Um limite para influenciadores digitais nas eleições

Segundo o artigo 54 da Lei das Eleições, nos programas e inserções de rádio e televisão destinados à propaganda eleitoral gratuita de cada partido ou coligação só poderão aparecer, em gravações internas e externas, candidatos, bem como seus apoiadores, inclusive os candidatos a outros cargos (desde que registrados sob o mesmo partido ou coligação, consistente em depoimento com pedido de voto), que poderão dispor de até 25% do tempo de cada programa ou inserção. 

Claro, portanto, que, a fim de baratear custos, a legislação passou a desestimular pirotecnias na propaganda eleitoral veiculada no rádio e na televisão, quase que obrigando que o próprio candidato se apresente ao eleitorado.

A Corte Superior Eleitoral concluiu não ser obrigatória a participação direta do candidato em 75% do tempo restante dos blocos ou inserções, já que tais meios publicitários são explicitamente admitidos em lei e realizam a finalidade última de transmitir mensagens de cunho político-eleitoral, atingindo — no ambiente de uma comunicação cada vez mais digitalizada e calcada em recursos tecnológicos — graus de eficiência em muito superiores ao tradicional discurso político.

Todavia, na rede mundial de computadores inexistem tais limitações, posto não haver qualquer restrição quanto à participação de terceiros nos canais de propaganda relacionados no artigo 57-B da Lei das Eleições, eis que nessa seara a atuação da Justiça Eleitoral deve ser realizada com a menor interferência possível no debate democrático.
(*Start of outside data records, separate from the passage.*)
lemma ocross_coords:
  "ocross a b =
    (HS 0
      (fst a $ 1 * fst b $ 2 + fst a $ 2 * fst b $ 1 - fst a $ 3 * fst b $ 4 + fst a $ 4 * fst b $ 3
       + snd a $ 1 * snd b $ 2 - snd a $ 2 * snd b $ 1 + snd a $ 3 * snd b $ 4 - snd a $ 4 * snd b $ 3)
      (fst a $ 1 * fst b $ 3 - fst a $ 2 * fst b $ 4 + fst a $ 3 * fst b $ 1 + fst a $ 4 * fst b $ 2
       + snd a $ 1 * snd b $ 3 + snd a $ 2 * snd b $ 4 - snd a $ 3 * snd b $ 1 - snd a $ 4 * snd b $ 2)
      (fst a $ 1 * fst b $ 4 + fst a $ 2 * fst b $ 3 - fst a $ 3 * fst b $ 2 + fst a $ 4 * fst b $ 1
       + snd a $ 1 * snd b $ 4 - snd a $ 2 * snd b $ 3 + snd a $ 3 * snd b $ 2 - snd a $ 4 * snd b $ 1),
     HS
      (fst a $ 1 * snd b $ 1 - fst a $ 2 * snd b $ 2 + fst a $ 3 * snd b $ 3 + fst a $ 4 * snd b $ 4
       + snd a $ 1 * fst b $ 1 + snd a $ 2 * fst b $ 2 - snd a $ 3 * fst b $ 3 - snd a $ 4 * fst b $ 4)
      (fst a $ 1 * snd b $ 2 + fst a $ 2 * snd b $ 1 + fst a $ 3 * snd b $ 4 - fst a $ 4 * snd b $ 3
       - snd a $ 1 * fst b $ 2 + snd a $ 2 * fst b $ 1 + snd a $ 3 * fst b $ 4 - snd a $ 4 * fst b $ 3)
      (fst a $ 1 * snd b $ 3 + fst a $ 2 * snd b $ 4 + fst a $ 3 * snd b $ 1 - fst a $ 4 * snd b $ 2
       - snd a $ 1 * fst b $ 3 + snd a $ 2 * fst b $ 4 + snd a $ 3 * fst b $ 1 - snd a $ 4 * fst b $ 2)
      (fst a $ 1 * snd b $ 4 - fst a $ 2 * snd b $ 3 + fst a $ 3 * snd b $ 2 + fst a $ 4 * snd b $ 1
       - snd a $ 1 * fst b $ 4 - snd a $ 2 * fst b $ 3 + snd a $ 3 * fst b $ 2 + snd a $ 4 * fst b $ 1))"
  by (simp add: osplit_defs prod_eq_iff vec_eq_iff forall_4 algebra_simps)

lemma bilinear_ocross: "bilinear ocross"
  by (auto simp: bilinear_def ocross_coords prod_eq_iff vec_eq_iff forall_4 algebra_simps
      intro!: linearI)

lemma trilinear_Omega3: "trilinear Omega3"
proof -
  have cross: "linear (\<lambda>a. ocross a b)" "linear (\<lambda>b. ocross a b)" for a b
    using bilinear_ocross unfolding bilinear_def by blast+
  have inner: "linear (\<lambda>x. oinner x c)" "linear (\<lambda>c. oinner x c)" for x c
    using bilinear_oinner unfolding bilinear_def by blast+
  show ?thesis
    unfolding trilinear_def Omega3_def
    using linear_compose[OF cross(1) inner(1)] linear_compose[OF cross(2) inner(1)] inner(2)
    by (simp add: o_def)
qed

lemma ocross_in_ImO: "ocross a b \<in> ImO"
  by (simp add: ImO_iff ocross_coords)

lemma oinner_ocross_self:
  assumes "z \<in> ImO" "u \<in> ImO"
  shows "oinner z (ocross z u) = 0"
  using assms by (simp add: ImO_iff ocross_coords oinner_coords algebra_simps)

lemma ocross_ocross_self:
  assumes "z \<in> ImO" "u \<in> ImO"
  shows "ocross z (ocross z u) = oq z *\<^sub>R u - oinner z u *\<^sub>R z"
  using assms
  by (simp add: ImO_iff oq_def ocross_coords oinner_coords prod_eq_iff vec_eq_iff forall_4
      algebra_simps)

lemma Omega3_ocross_slot12:
  assumes "z \<in> ImO" "u \<in> ImO" "v \<in> ImO" "w \<in> ImO"
  shows "Omega3 (ocross z u) v w - Omega3 u (ocross z v) w
    = - oinner z u * oinner v w - oinner z v * oinner u w + 2 * oinner z w * oinner u v"
  unfolding Omega3_def oinner_coords ocross_coords HS_nth fst_conv snd_conv
    assms[unfolded ImO_iff]
  by algebra

lemma Omega3_ocross_slot23:
  assumes "z \<in> ImO" "u \<in> ImO" "v \<in> ImO" "w \<in> ImO"
  shows "Omega3 u (ocross z v) w - Omega3 u v (ocross z w)
    = 2 * oinner z u * oinner v w - oinner z v * oinner u w - oinner z w * oinner u v"
  unfolding Omega3_def oinner_coords ocross_coords HS_nth fst_conv snd_conv
    assms[unfolded ImO_iff]
  by algebra

lemma H42_tangentH_ImO:
  assumes "z \<in> H42" "u \<in> tangentH z"
  shows "z \<in> ImO" "oq z = -1" "u \<in> ImO" "oinner z u = 0"
  using assms by (simp_all add: H42_def tangentH_def)

lemma Jstr_in_tangentH:
  assumes "z \<in> H42" "u \<in> tangentH z"
  shows "Jstr z u \<in> tangentH z"
  using H42_tangentH_ImO[OF assms] ocross_in_ImO oinner_ocross_self
  by (simp add: tangentH_def Jstr_def)

lemma Jstr_Jstr:
  assumes "z \<in> H42" "u \<in> tangentH z"
  shows "Jstr z (Jstr z u) = - u"
  using H42_tangentH_ImO[OF assms] ocross_ocross_self by (simp add: Jstr_def)

lemma Omega3_Jstr_slot12:
  assumes "z \<in> H42" "u \<in> tangentH z" "v \<in> tangentH z" "w \<in> tangentH z"
  shows "Omega3 (Jstr z u) v w = Omega3 u (Jstr z v) w"
proof -
  note z = H42_tangentH_ImO[OF assms(1,2)] and v = H42_tangentH_ImO[OF assms(1,3)]
    and w = H42_tangentH_ImO[OF assms(1,4)]
  show ?thesis
    using Omega3_ocross_slot12[OF z(1,3) v(3) w(3)] z(4) v(4) w(4) by (simp add: Jstr_def)
qed

lemma Omega3_Jstr_slot23:
  assumes "z \<in> H42" "u \<in> tangentH z" "v \<in> tangentH z" "w \<in> tangentH z"
  shows "Omega3 u (Jstr z v) w = Omega3 u v (Jstr z w)"
proof -
  note z = H42_tangentH_ImO[OF assms(1,2)] and v = H42_tangentH_ImO[OF assms(1,3)]
    and w = H42_tangentH_ImO[OF assms(1,4)]
  show ?thesis
    using Omega3_ocross_slot23[OF z(1,3) v(3) w(3)] z(4) v(4) w(4) by (simp add: Jstr_def)
qed
text \<open>If affine formulas \<open>\<phi>\<^sub>k\<close> converge uniformly to \<open>P\<close>, the formulas lying below \<open>P\<close>
  already have supremum \<open>P\<close>, so they cut out the epigraph of \<open>P\<close>; the same applies to \<open>-P\<close>.
  Conversely, if \<open>\<Phi>\<close> and \<open>\<Psi>\<close> type-define the epigraphs of \<open>P\<close> and \<open>-P\<close>, then
  \<open>sup \<Phi> = P\<close> and \<open>sup \<Psi> = -P\<close>, so for \<open>\<epsilon> > 0\<close> no tuple of \<open>M\<close> satisfies all the conditions
  \<open>\<phi> + \<psi> \<le> -\<epsilon>\<close> with \<open>\<phi> \<in> \<Phi>\<close>, \<open>\<psi> \<in> \<Psi>\<close>. By \<open>\<aleph>\<^sub>0\<close>-saturation these conditions are
  inconsistent: some nonnegative combination \<open>\<Sum> w\<^sub>i (\<phi>\<^sub>i + \<psi>\<^sub>i + \<epsilon>)\<close> is positive on all
  of \<open>M\<^sup>n\<close>. Normalising the weights, the convex combination \<open>\<Sum> w\<^sub>i \<phi>\<^sub>i / \<Sum> w\<^sub>i\<close> is an
  affine formula between \<open>P - \<epsilon>\<close> and \<open>P\<close>.\<close>

lemma carr_nonempty: "is_structure L M \<Longrightarrow> carr M \<noteq> {}"
  by (simp add: is_structure_def)

lemma eval_trm_in_carr:
  assumes "is_structure L M" and "wf_trm L t" and "\<forall>i. \<sigma> i \<in> carr M"
  shows "eval_trm M \<sigma> t \<in> carr M"
  using assms(2)
proof (induction t)
  case (Fn f ts)
  then have "map (eval_trm M \<sigma>) ts \<in> tuples M (farity L f)"
    by (auto simp: tuples_def)
  then show ?case
    using assms(1) by (auto simp: is_structure_def)
qed (use assms(3) in simp)

lemma asg_in_carr:
  assumes "is_structure L M" and "xs \<in> tuples M n"
  shows "asg M xs i \<in> carr M"
  using assms someI_ex[of "\<lambda>a. a \<in> carr M"] carr_nonempty[OF assms(1)]
  by (auto simp: asg_def tuples_def)

lemma abs_INF_SUP_le:
  fixes f :: "'b \<Rightarrow> real"
  assumes "S \<noteq> {}" and "\<forall>b\<in>S. \<bar>f b\<bar> \<le> B"
  shows "\<bar>INF b\<in>S. f b\<bar> \<le> B" and "\<bar>SUP b\<in>S. f b\<bar> \<le> B"
proof -
  obtain b where b: "b \<in> S"
    using assms(1) by auto
  have bdd: "bdd_below (f ` S)" "bdd_above (f ` S)"
    using assms(2) by (auto intro!: bdd_belowI[of _ "-B"] bdd_aboveI[of _ B] simp: abs_le_iff)
  have "-B \<le> (INF b\<in>S. f b)" "(SUP b\<in>S. f b) \<le> B"
    using assms by (auto intro!: cINF_greatest cSUP_least simp: abs_le_iff)
  moreover have "(INF b\<in>S. f b) \<le> f b" "f b \<le> (SUP b\<in>S. f b)"
    using bdd b by (auto intro: cINF_lower cSUP_upper)
  moreover have "\<bar>f b\<bar> \<le> B"
    using assms(2) b by blast
  ultimately show "\<bar>INF b\<in>S. f b\<bar> \<le> B" and "\<bar>SUP b\<in>S. f b\<bar> \<le> B"
    by auto
qed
Com isso, abre-se espaço para que os influenciadores digitais ocupem o papel de apoiadores na propaganda eleitoral via internet, eis que esses, conforme apontam Frederico Alvim e Volgane Oliveira Carvalho, passaram a utilizar de seu prestígio para tentar divulgar fatos de caráter político, chegando mesmo a realizar propaganda subliminar, positiva ou negativa, de determinados partidos políticos ou candidatos, inclusive de si próprios.

Contudo, imperativo reconhecer que, em princípio, não existe qualquer anormalidade no fato de um influenciador digital manifestar-se favorável ou contrariamente a esse ou aquele candidato ou projeto de poder. Os formadores de opinião, dentro ou fora da rede, são cidadãos e, como tal, fazem jus a todas as prerrogativas fundamentais na Carta Fundamental (op. cit, página 194).

Não se pode esquecer que a cooptação de um influenciador digital, apesar de não configurar captação ilícita de sufrágio, possui gravidade suficiente a ser qualificada como abuso de poder, caso se verifique que o "apoio", na verdade, lastreou-se em contrapartida financeira a macular a igualdade de chances do processo eleitoral.